For linearity analysis, mixed standard solutions at concentrations of 0.1, 1, 2, 5, 10, 20, and 50 mg/L were prepared by dilution in acetone. These were injected from a low concentration and followed by analysis and the establishment of standard curves. Linear regression was accomplished by taking the peak area Y as the ordinate and the concentration X as the abscissa. A linear equation was developed by plotting the standard curve of each carotenoid. The standard curves were evaluated based on the linear regression equation and the R coefficients for the calibration curves.

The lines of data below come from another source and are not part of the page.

(* Let $N\ge1$. The closure of $\Phi_N$ in $\mathrm{PSL}_2(\hat{\mathbb{Z}}_{\mathrm{odd}})$ is $\mathrm{PSL}_2(\hat{\mathbb{Z}}_{\mathrm{odd}})$ if $3$ does not divide $N$, and is $\hat D_{\mathrm{odd}}$ if $3$ divides $N$.
   Context: $\bar\Gamma(2)=\Gamma(2)/\{\pm1\}\subset\mathrm{PSL}_2(\mathbb{Z})$, freely generated by the classes $A$ of $\begin{pmatrix}1&2\\0&1\end{pmatrix}$ and $B$ of $\begin{pmatrix}1&0\\2&1\end{pmatrix}$; $\Phi_N$ is the kernel of $\bar\Gamma(2)\to(\mathbb{Z}/N\mathbb{Z})^2$, $A\mapsto(1,0)$, $B\mapsto(0,1)$. Let $\hat{\mathbb{Z}}_{\mathrm{odd}}=\prod_{p\ne2}\mathbb{Z}_p$, with $\mathrm{PSL}_2(\mathbb{Z})\subset\mathrm{PSL}_2(\hat{\mathbb{Z}}_{\mathrm{odd}})$ and the profinite topology. $\hat D_{\mathrm{odd}}$ is the inverse image in $\mathrm{PSL}_2(\hat{\mathbb{Z}}_{\mathrm{odd}})$, under reduction mod $3$, of the Klein four-subgroup $D_3\subset\mathrm{PSL}_2(\mathbb{Z}/3\mathbb{Z})$ consisting of the classes of $\pm I$, $\pm\begin{pmatrix}0&-1\\1&0\end{pmatrix}$, $\pm\begin{pmatrix}-1&1\\1&1\end{pmatrix}$, $\pm\begin{pmatrix}1&1\\1&-1\end{pmatrix}$. *)

theory Defs
  imports "HOL-Analysis.Analysis"
begin

text \<open>An element of \<open>\<Prod>_{p\<noteq>2} Z_p = lim_{m odd} Z/mZ\<close> is represented as a compatible
  family \<open>x :: nat \<Rightarrow> int\<close> with \<open>x m \<in> {0..<m}\<close> for odd \<open>m\<close> (its residue mod \<open>m\<close>),
  normalised to \<open>0\<close> at even indices.\<close>

type_synonym zo = "nat \<Rightarrow> int"

definition zodd :: "zo set" where
  "zodd = {x. (\<forall>m. (odd m \<longrightarrow> 0 \<le> x m \<and> x m < int m) \<and> (even m \<longrightarrow> x m = 0))
              \<and> (\<forall>m n. odd n \<and> m dvd n \<longrightarrow> x m = x n mod int m)}"

definition zint :: "int \<Rightarrow> zo" where
  "zint k = (\<lambda>m. if odd m then k mod int m else 0)"

definition zadd :: "zo \<Rightarrow> zo \<Rightarrow> zo" where
  "zadd x y = (\<lambda>m. if odd m then (x m + y m) mod int m else 0)"

definition zsub :: "zo \<Rightarrow> zo \<Rightarrow> zo" where
  "zsub x y = (\<lambda>m. if odd m then (x m - y m) mod int m else 0)"

definition zmul :: "zo \<Rightarrow> zo \<Rightarrow> zo" where
  "zmul x y = (\<lambda>m. if odd m then (x m * y m) mod int m else 0)"

definition zneg :: "zo \<Rightarrow> zo" where
  "zneg x = zsub (zint 0) x"

definition zodd_top :: "zo topology" where
  "zodd_top = subtopology (product_topology (\<lambda>_. discrete_topology UNIV) UNIV) zodd"

text \<open>A 2x2 matrix (a b; c d) is the tuple (a,b,c,d).\<close>
type_synonym zmat = "zo \<times> zo \<times> zo \<times> zo"

definition SL2_odd :: "zmat set" where
  "SL2_odd = {(a,b,c,d). a \<in> zodd \<and> b \<in> zodd \<and> c \<in> zodd \<and> d \<in> zodd \<and>
                         zsub (zmul a d) (zmul b c) = zint 1}"

definition mneg :: "zmat \<Rightarrow> zmat" where
  "mneg M = (case M of (a,b,c,d) \<Rightarrow> (zneg a, zneg b, zneg c, zneg d))"

definition pcls :: "zmat \<Rightarrow> zmat set" where
  "pcls M = {M, mneg M}"

definition PSL2_odd :: "zmat set set" where
  "PSL2_odd = pcls ` SL2_odd"

definition SL2_top :: "zmat topology" where
  "SL2_top = subtopology
     (prod_topology zodd_top (prod_topology zodd_top (prod_topology zodd_top zodd_top))) SL2_odd"

definition PSL2_top :: "zmat set topology" where
  "PSL2_top = topology (\<lambda>U. U \<subseteq> PSL2_odd \<and> openin SL2_top {M \<in> SL2_odd. pcls M \<in> U})"

type_synonym imat = "int \<times> int \<times> int \<times> int"

definition imul :: "imat \<Rightarrow> imat \<Rightarrow> imat" where
  "imul M N = (case M of (a,b,c,d) \<Rightarrow> case N of (e,f,g,h) \<Rightarrow>
                 (a*e + b*g, a*f + b*h, c*e + d*g, c*f + d*h))"

definition ineg :: "imat \<Rightarrow> imat" where
  "ineg M = (case M of (a,b,c,d) \<Rightarrow> (-a, -b, -c, -d))"

definition ipcls :: "imat \<Rightarrow> imat set" where
  "ipcls M = {M, ineg M}"

text \<open>Letters: (True, s) is A^{\<plusminus>1}, (False, s) is B^{\<plusminus>1}; s = True means exponent +1.\<close>
definition gen :: "bool \<times> bool \<Rightarrow> imat" where
  "gen l = (case l of
      (True, True) \<Rightarrow> (1, 2, 0, 1)
    | (True, False) \<Rightarrow> (1, -2, 0, 1)
    | (False, True) \<Rightarrow> (1, 0, 2, 1)
    | (False, False) \<Rightarrow> (1, 0, -2, 1))"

For limits of detection and quantification (LODs and LOQs) analysis, mixed standard solutions at concentrations of 0.01, 0.02, 0.05, 0.10, 0.20, 0.50, and 1.00 mg/L were prepared by dilution in acetone. The LODs and LOQs of the method and LOD_sample and LOQ_sample of the test sample were, respectively, calculated as

LODs = [(W × 3) × 100]/[(S/N) × 10⁻⁶]

(4)

LOQs = [(W × 10) × 100]/[(S/N) × 10⁻⁶]

(5)

LOD_sample = [(W × 3) × V × f × 100]/[(S/N) × m × 10⁻⁶]

(6)

LOQ_sample = [(W × 10) × V × f × 100]/[(S/N) × m × 10⁻⁶]

(7)

Type:

• W—detection of ion concentration, mg/L.
• S/N—instrument signal to noise ratio.
• 100—conversion factor.
• 10⁻⁶—conversion factor.
• V—constant volume of sample, mL.
• f—sample dilution ratio.
• m—sample weight, g.

For recovery and accuracy analysis, we selected four samples of fresh chili peppers, dried chili peppers, fried chili sauce and fermented chili sauce. The detailed experimental steps were: four sample extracts were diluted with acetone to below the LODs, and then the four dilutions were used to dilute the mixed standard stock solutions to 1, 5 and 20 mg/L. For each level, the same apparatus and operators were used for six repetitions (n = 6) on three consecutive days. Recovery was calculated using the following formula:

$$\mathrm{Recovery}\%=\frac{X_1-X_0}{m}\times 100\%$$

(8)

• m—content of added standard products, mg/L.
• X₁—detection of sample extracts added standard products, mg/L.
• X₀—detection of sample extracts, mg/L.

3.8. Application of the Method to Fresh Chili Peppers and Chili Pepper Products Analysis

The optimized and validated simultaneous HPLC method was applied for the determination of five carotenoids in nine fresh chili peppers and seven common chili pepper products. An in-depth comparison was conducted by analyzing the carotenoid content of samples of fresh chili and chili pepper product samples.

3.9. Statistical Analysis

All experiments were conducted in triplicate, and the results were expressed as means ± standard deviation. The results were analyzed using statistical software, and means were accepted as significantly different at a 95% confidence interval (p < 0.05). The results were plotted using Origin Pro 2018 software.

4. Conclusions

This work reports for the first time the simultaneous determination of five main carotenoids, including capsanthin, zeaxanthin, lutein, β-cryptoxanthin and β-carotene, in chili peppers and their products using a modified HPLC method. The results demonstrated that the HPLC-PDA method, with a broad detection range and low detection limit, which is accurate, stable, reproducible and sensitive, was easy to be applied. With fewer steps and straightforward experimental solvents, it provided an effective and trustworthy method for the qualitative and quantitative analysis of common carotenoids in both fresh chili pepper and its products.